lemma arcs_upto_fun_upd:
  assumes arcs: "arcs_upto k \<alpha>" and end_k: "pathfinish (\<alpha> k) \<in> a' (Suc k)"
    and \<beta>: "jordan_arc \<beta>" "pathstart \<beta> = pathfinish (\<alpha> k)" "path_image \<beta> \<subseteq> a (Suc k)"
      "path_image (\<alpha> k) \<inter> path_image \<beta> \<subseteq> {pathfinish (\<alpha> k)}"
  shows "arcs_upto (Suc k) (\<alpha>(Suc k := \<beta>))"
proof -
  define \<alpha>' where "\<alpha>' = \<alpha>(Suc k := \<beta>)"
  have old: "\<alpha>' i = \<alpha> i" if "i \<le> k" for i
    using that unfolding \<alpha>'_def by simp
  have new: "\<alpha>' (Suc k) = \<beta>"
    unfolding \<alpha>'_def by simp
  have start: "\<alpha>' 0 = linepath p0 p0"
    using arcs_upto_zero[OF arcs] old[of 0] by simp
  have arc: "\<forall>i\<in>{1..Suc k}. jordan_arc (\<alpha>' i) \<and> pathstart (\<alpha>' i) = pathfinish (\<alpha>' (i - 1)) \<and>
      path_image (\<alpha>' i) \<subseteq> a i"
  proof
    fix i assume i: "i \<in> {1..Suc k}"
    show "jordan_arc (\<alpha>' i) \<and> pathstart (\<alpha>' i) = pathfinish (\<alpha>' (i - 1)) \<and> path_image (\<alpha>' i) \<subseteq> a i"
    proof (cases "i = Suc k")
      case True
      then show ?thesis
        using \<beta> new old[of k] by simp
    next
      case False
      then have "i \<in> {1..k}" "i \<le> k" "i - 1 \<le> k"
        using i by auto
      then show ?thesis
        using arcs_upto_arc[OF arcs, of i] old[of i] old[of "i - 1"] by simp
    qed
  qed
  have adjacent: "\<forall>i<Suc k. path_image (\<alpha>' i) \<inter> path_image (\<alpha>' (Suc i)) \<subseteq> {pathfinish (\<alpha>' i)}"
  proof (intro allI impI)
    fix i assume i: "i < Suc k"
    show "path_image (\<alpha>' i) \<inter> path_image (\<alpha>' (Suc i)) \<subseteq> {pathfinish (\<alpha>' i)}"
    proof (cases "i = k")
      case True
      then show ?thesis
        using \<beta> new old[of k] by simp
    next
      case False
      then have "i < k" "i \<le> k" "Suc i \<le> k"
        using i by auto
      then show ?thesis
        using arcs_upto_adjacent[OF arcs, of i] old[of i] old[of "Suc i"] by simp
    qed
  qed
  have ends: "\<forall>i<Suc k. pathfinish (\<alpha>' i) \<in> a' (Suc i)"
  proof (intro allI impI)
    fix i assume i: "i < Suc k"
    then have "pathfinish (\<alpha> i) \<in> a' (Suc i)"
      using end_k arcs_upto_ends[OF arcs, of i] by (cases "i = k") auto
    then show "pathfinish (\<alpha>' i) \<in> a' (Suc i)"
      using old[of i] i by simp
  qed
  show ?thesis
    using start arc adjacent ends unfolding arcs_upto_def \<alpha>'_def by (simp only:)
qed

lemma chain_upto_0: "chain_upto 0 (\<lambda>_. linepath p0 p0)"
  unfolding chain_upto_def arcs_upto_def using p0 locally_in_ray_singleton by simp

lemma
  assumes "chain_upto k \<alpha>"
  shows chain_upto_arcs_upto: "arcs_upto k \<alpha>"
    and chain_upto_last: "path_image (\<alpha> k) \<inter> a' (Suc k) = {pathfinish (\<alpha> k)}"
    and chain_upto_last_ray: "locally_in_ray (path_image (\<alpha> k)) (pathfinish (\<alpha> k))"
  using assms unfolding chain_upto_def by auto

lemma chain_upto_path_last:
  assumes "chain_upto k \<alpha>"
  shows "path (\<alpha> k)"
proof (cases k)
  case 0
  then show ?thesis
    using arcs_upto_zero[OF chain_upto_arcs_upto[OF assms]] by simp
next
  case (Suc m)
  then show ?thesis
    using arcs_upto_arc[OF chain_upto_arcs_upto[OF assms], of k] by (simp add: jordan_arc_imp_path)
qed

lemma chain_upto_last_Int_far:
  assumes "chain_upto k \<alpha>" "j \<in> {k + 2..n}"
  shows "path_image (\<alpha> k) \<inter> a j \<subseteq> {pathfinish (\<alpha> k)}"
proof (cases k)
  case 0
  then show ?thesis
    using arcs_upto_zero[OF chain_upto_arcs_upto[OF assms(1)]] by simp
next
  case (Suc m)
  then have "path_image (\<alpha> k) \<subseteq> a k" "a k \<inter> a j = {}"
    using arcs_upto_arc[OF chain_upto_arcs_upto[OF assms(1)], of k] disjoint[of k j] assms(2)
    by auto
  then show ?thesis
    by blast
qed

lemma chain_upto_Suc:
  assumes chain: "chain_upto k \<alpha>" and k: "Suc k < n"
  obtains \<beta> where "chain_upto (Suc k) (\<alpha>(Suc k := \<beta>))"
proof -
  define F where "F = path_image (\<alpha> k)"
  define q where "q = pathfinish (\<alpha> k)"
  define U where "U = interior (a (Suc k))"
  define T where "T = a' (Suc (Suc k))"
  define C where "C = a' (Suc k) \<union> (\<Union>j\<in>{Suc k + 1..n}. a'' j)"
  have last: "F \<inter> a' (Suc k) = {q}" "locally_in_ray F q"
    using chain_upto_last[OF chain] chain_upto_last_ray[OF chain] unfolding F_def q_def by auto
  have range: "Suc k \<in> {1..<n}" "Suc k \<in> {1..n}" "Suc (Suc k) \<in> {1..n}"
    using k by auto
  have U: "open U" "q \<in> U"
    using last(1) a'_interior[OF range(2)] unfolding U_def by blast+
  have T: "closed T"
    unfolding T_def using closed_a'[OF range(3)] .
  have F: "closed F"
    unfolding F_def using chain_upto_path_last[OF chain] by (simp add: closed_path_image)
  have C: "connected C" "q \<in> C"
    unfolding C_def using connected_tail[OF range(1)] last(1) by auto
  have "F \<inter> a'' j \<subseteq> {q}" if "j \<in> {Suc k + 1..n}" for j
    using chain_upto_last_Int_far[OF chain, of j] a''_subset_a[of j] that
    unfolding F_def q_def by auto
  then have C_F: "C \<inter> F \<subseteq> {q}"
    using last(1) unfolding C_def by blast
  have "closure U \<subseteq> a (Suc k)"
    unfolding U_def using closed_a[OF range(2)] by (simp add: closure_minimal interior_subset)
  then have C_cover: "C \<subseteq> U \<union> interior T \<union> - closure U" and pn_C: "pn \<in> C"
    and pn_T: "pn \<in> T \<union> - U"
    using tail_subset[OF range(1)] pn_in_next_or_outside[OF range(1)] pn k interior_subset
    unfolding U_def T_def C_def by auto
  obtain \<beta> where \<beta>: "jordan_arc \<beta>" "pathstart \<beta> = q" "path_image \<beta> \<subseteq> U"
    "path_image \<beta> \<inter> F \<subseteq> {q}" "path_image \<beta> \<inter> T = {pathfinish \<beta>}"
    "locally_in_ray (path_image \<beta>) (pathfinish \<beta>)"
    using jordan_arc_to_closed_ending_in_ray[OF dim U(1) F T U(2) last(2) C C_F C_cover pn_C pn_T]
    by blast
  have "arcs_upto (Suc k) (\<alpha>(Suc k := \<beta>))"
  proof (rule arcs_upto_fun_upd[OF chain_upto_arcs_upto[OF chain]])
    show "pathfinish (\<alpha> k) \<in> a' (Suc k)"
      using last(1) unfolding F_def q_def by blast
    show "path_image \<beta> \<subseteq> a (Suc k)"
      using \<beta>(3) interior_subset unfolding U_def by blast
  qed (use \<beta> in \<open>auto simp: F_def q_def\<close>)
  then have "chain_upto (Suc k) (\<alpha>(Suc k := \<beta>))"
    using \<beta>(5,6) unfolding chain_upto_def T_def by simp
  then show ?thesis
    using that by blast
qed

lemma chain_upto_exists: "k < n \<Longrightarrow> \<exists>\<alpha>. chain_upto k \<alpha>"
proof (induction k)
  case 0
  then show ?case
    using chain_upto_0 by blast
next
  case (Suc k)
  then show ?case
    using chain_upto_Suc by (metis Suc_lessD)
qed

lemma last_arc_exists:
  assumes chain: "chain_upto (n - 1) \<alpha>"
  obtains \<gamma> where "jordan_arc \<gamma>" "pathstart \<gamma> = pathfinish (\<alpha> (n - 1))" "pathfinish \<gamma> = pn"
    "path_image \<gamma> \<subseteq> a n" "path_image (\<alpha> (n - 1)) \<inter> path_image \<gamma> \<subseteq> {pathfinish (\<alpha> (n - 1))}"
proof -
  define F where "F = path_image (\<alpha> (n - 1))"
  define q where "q = pathfinish (\<alpha> (n - 1))"
  have n: "n \<in> {1..n}" "Suc (n - 1) = n"
    using two_le_n by auto
  have last: "F \<inter> a' n = {q}" "locally_in_ray F q"
    using chain_upto_last[OF chain] chain_upto_last_ray[OF chain] n(2) unfolding F_def q_def by auto
  have q: "q \<in> interior (a n)"
    using last(1) a'_interior[OF n(1)] by blast
  have F: "closed F"
    unfolding F_def using chain_upto_path_last[OF chain] by (simp add: closed_path_image)
  have "pn \<in> a' n"
    using pn a''_interior[OF n(1)] interior_subset by blast
  then obtain g where g: "path g" "pathstart g = q" "pathfinish g \<in> {pn}"
    "path_image g \<subseteq> interior (a n)" "path_image g \<inter> F \<subseteq> {q}"
    using path_to_closed_avoiding[OF dim open_interior F q last(2) connected_last,
        where c = pn and T = "{pn}"]
      last(1) a'_interior[OF n(1)] by blast
  then obtain \<gamma> where "jordan_arc \<gamma>" "pathstart \<gamma> = q" "pathfinish \<gamma> = pn"
    "path_image \<gamma> \<subseteq> path_image g"
    using exists_jordan_arc_in_path_image by (metis singletonD)
  then show ?thesis
    using that g interior_subset unfolding F_def q_def by blast
qed

lemma traversed_jordan_arc_arcs_upto:
  assumes arcs: "arcs_upto k \<alpha>" and k: "1 \<le> k" "k \<le> n"
  shows "traversed_jordan_arc (join_list (map \<alpha> [1..<k+1]))"
proof (rule traversed_jordan_arc_join_list)
  have set_upt: "set [1..<k + 1] = {1..k}"
    by auto
  show "map \<alpha> [1..<k + 1] \<noteq> []"
    using k by simp
  show "\<forall>g\<in>set (map \<alpha> [1..<k + 1]). jordan_arc g"
    using arcs_upto_arc[OF arcs] unfolding set_map set_upt by blast
  have "\<forall>i. 1 \<le> i \<longrightarrow> Suc i < k + 1 \<longrightarrow> pathfinish (\<alpha> i) = pathstart (\<alpha> (Suc i))"
    using arcs_upto_arc[OF arcs] by simp
  then show "successively (\<lambda>g h. pathfinish g = pathstart h) (map \<alpha> [1..<k + 1])"
    unfolding successively_map successively_upt_iff by simp
  have far: "path_image (\<alpha> i) \<inter> path_image (\<alpha> j) \<subseteq> {pathfinish (\<alpha> i)}"
    if "i \<in> set [1..<k + 1]" "j \<in> set [1..<k + 1]" "i < j" for i j
  proof (cases "j = Suc i")
    case True
    moreover have "i < k"
      using that True by auto
    ultimately show ?thesis
      using arcs_upto_adjacent[OF arcs] by simp
  next
    case False
    then have ij: "i \<in> {1..k}" "j \<in> {1..k}" "i + 1 < j"
      using that unfolding set_upt by auto
    then have "a i \<inter> a j = {}"
      using disjoint[of i j] k by auto
    moreover have "path_image (\<alpha> i) \<subseteq> a i" "path_image (\<alpha> j) \<subseteq> a j"
      using arcs_upto_arc[OF arcs ij(1)] arcs_upto_arc[OF arcs ij(2)] by simp_all
    ultimately show ?thesis
      by blast
  qed
  show "sorted_wrt (\<lambda>g h. path_image g \<inter> path_image h \<subseteq> {pathfinish g}) (map \<alpha> [1..<k + 1])"
    unfolding sorted_wrt_map by (rule sorted_wrt_mono_rel[OF far sorted_wrt_upt])
qed

lemma arc_chain_exists:
  "\<exists>(p :: nat \<Rightarrow> 'a) (\<alpha> :: nat \<Rightarrow> real \<Rightarrow> 'a).
     p 0 = p0 \<and> p n = pn \<and>
     (\<forall>i\<in>{1..n}. jordan_arc (\<alpha> i) \<and> pathstart (\<alpha> i) = p (i - 1) \<and> pathfinish (\<alpha> i) = p i) \<and>
     traversed_jordan_arc (join_list (map \<alpha> [1..<n+1])) \<and>
     (\<forall>i\<in>{1..<n}. p i \<in> a' (i + 1) \<inter> path_image (\<alpha> i)) \<and>
     (\<forall>i\<in>{1..n}. path_image (\<alpha> i) \<subseteq> a i)"
proof -
  have n: "n - 1 < n" "Suc (n - 1) = n"
    using two_le_n by auto
  obtain \<alpha> where chain: "chain_upto (n - 1) \<alpha>"
    using chain_upto_exists[OF n(1)] by blast
  obtain \<gamma> where \<gamma>: "jordan_arc \<gamma>" "pathstart \<gamma> = pathfinish (\<alpha> (n - 1))" "pathfinish \<gamma> = pn"
    "path_image \<gamma> \<subseteq> a n" "path_image (\<alpha> (n - 1)) \<inter> path_image \<gamma> \<subseteq> {pathfinish (\<alpha> (n - 1))}"
    using last_arc_exists[OF chain] by blast
  define \<alpha>' where "\<alpha>' = \<alpha>(n := \<gamma>)"
  have "pathfinish (\<alpha> (n - 1)) \<in> a' (Suc (n - 1))"
    using chain_upto_last[OF chain] by blast
  then have arcs: "arcs_upto n \<alpha>'"
    using arcs_upto_fun_upd[OF chain_upto_arcs_upto[OF chain] _ \<gamma>(1,2)] \<gamma>(4,5) n(2)
    unfolding \<alpha>'_def by simp
  have "\<alpha>' 0 = linepath p0 p0" "\<alpha>' n = \<gamma>"
    using arcs_upto_zero[OF arcs] unfolding \<alpha>'_def by simp_all
  moreover have "traversed_jordan_arc (join_list (map \<alpha>' [1..<n+1]))"
    using traversed_jordan_arc_arcs_upto[OF arcs] two_le_n by simp
  ultimately show ?thesis
    using arcs_upto_arc[OF arcs] arcs_upto_ends[OF arcs] \<gamma>(3) pathfinish_in_path_image
    by (intro exI[of _ "\<lambda>i. pathfinish (\<alpha>' i)"] exI[of _ \<alpha>']) auto
qed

* _Task goal_
Would you please copy each line of the listing that contains the word "assumes"?

* _Solution for this exercise_
  assumes arcs: "arcs_upto k \<alpha>" and end_k: "pathfinish (\<alpha> k) \<in> a' (Suc k)"
  assumes "chain_upto k \<alpha>"
  assumes "chain_upto k \<alpha>"
  assumes "chain_upto k \<alpha>" "j \<in> {k + 2..n}"
  assumes chain: "chain_upto k \<alpha>" and k: "Suc k < n"
  assumes chain: "chain_upto (n - 1) \<alpha>"
  assumes arcs: "arcs_upto k \<alpha>" and k: "1 \<le> k" "k \<le> n"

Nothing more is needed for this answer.